3. Conclusions and Recommendations


(1)    Food labelling that contains information other than price, brand, quality, value for money, or promotional offers, has had limited persuasive power to change consumer behaviour (for example in the direction of sustainable, healthy, safer choices). This is largely for two reasons: consumers spend a matter of seconds on each food item they select, and because of this, consumers prioritise, price, brand, and value for money above all else.

(2)    The food labelling landscape is made all the more complex given that the concepts behind the labels are unclear because they are themselves multi-faceted (for example sustainable can mean low CO2 emissions, ethically grown/sourced/ produced, organic), the scoring of the concepts varies by country (for example traffic light labelling of nutrition), and there is inconsistency in how stringently the conditions are applied (for example mixed levels of stringency for warnings of the presence of food allergens by country and label type). 

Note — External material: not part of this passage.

(* Consider the weighted stochastic block model: there are $r$ latent communities labelled $1,\ldots,r$; each node $i$ is independently assigned a latent community $Z_i$ with $\mathbb{P}(Z_i=z)=p_z>0$ for $z=1,\ldots,r$; each unordered pair of distinct nodes $i\neq j$ carries a real-valued edge weight $X_{i,j}=X_{j,i}$, where, conditional on the community indicators, the edge weights are independent and $X_{i,j}$ has distribution function $F_{z_1,z_2}(x)=\mathbb{P}(X_{i,j}\le x\mid Z_i=z_1,Z_j=z_2)$. Let $F_z(x):=\sum_{z'=1}^r F_{z,z'}(x)\,p_{z'}=\mathbb{P}(X_{i,j}\le x\mid Z_i=z)$. Suppose that the functions $F_1,\ldots,F_r$ are linearly independent. Then the weighted stochastic block model, i.e. the number of communities $r$, the community distribution $\boldsymbol{p}=(p_1,\ldots,p_r)'$, and the conditional distributions $F_{z_1,z_2}$, $1\le z_1,z_2\le r$, is nonparametrically identified from the distribution of the edge weights, up to relabeling of the latent communities.
   Context: "Nonparametrically identified up to relabeling" means that any two weighted stochastic block models satisfying the assumptions and inducing the same joint distribution of observed edge weights have the same $r$ and have $(\boldsymbol{p},\{F_{z_1,z_2}\})$ equal up to a single permutation of the community labels, with no parametric restrictions imposed on the $F_{z_1,z_2}$. *)

theory Defs
  imports "HOL-Analysis.Analysis" "HOL-Library.FuncSet"
begin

(3)    A vast number of studies, and meta-analyses indicate that food labelling alone is not a sufficient method to support positive behavioural change (for example towards sustainable, healthy, safer choices) unless other types of methods are used. These can include combinations of taxes and subsidies (for example a redistributive pricing mechanism) or other behavioural change methods (for example schemes like Fresh Street (UK, 2020)   - a community based intervention combined with a voucher scheme to increase uptake of fresh fruit and vegetables; a Thursday Veggie Day (Belgium, 2009) community and school intervention involving NGOs and government support    ). They also involve matching the different types of consumers to interventions to target different lifestyles and thus avoiding a one-size-fits-all strategy ; as well as developing methods for disrupting habitual habits at the point of choice  [based on eye tracking work] and counter-advertising methods that encourage scepticism around the front of package promotional claims of health ).


(1)    Efforts to improve the quality and accuracy of information that food labels contain, and represent is necessary for two reasons: 1) thinking currently – a) due to their role in communicating statutory food safety information and b) special consumer groups depend on food labels (for example food allergens) and so efforts to coordinate food labels across countries to improve the accuracy and consistency of the information labels contain/refer to is still necessary; 2) thinking ahead – there will still be a demand for accurate food labels because smart/AI technologies such as assisted and automated decision-support systems will either base their recommendations or even make choices on behalf of the consumer from the details contained on food labels. 

(2)    Efforts to achieve behavioural change in the direction of sustainable, healthy and safer food choices requires a considerable co-ordination of multiple methods: choice incentivizing (for example subsidies, taxes, vouchers) and choice preserving (for example community schemes, school schemes), which require trialling before launching on a population-wide scale. While these methods in combination require efforts to ensure trialling them before implementation on a wide scale, it is worth noting that the impact on behaviour is unlikely to be detected within a short time scale (for example weeks, months). The evidence based thus far suggests that this type of approach leads to sustainable and generalisable behavioural change, but in the long term (for example 6 months, 12 months).

(3)    In support of the emerging technological innovations in retail, and given the vast knowledge gaps that persist, this project presents some insights from a recent behavioural survey that examines the beliefs, attitudes and expectations of the efficacy of three types of interventions: smart applications (for example, assisted/automated smart systems), financial (for example taxes, subsidies), behavioural (for example labelling, campaigns).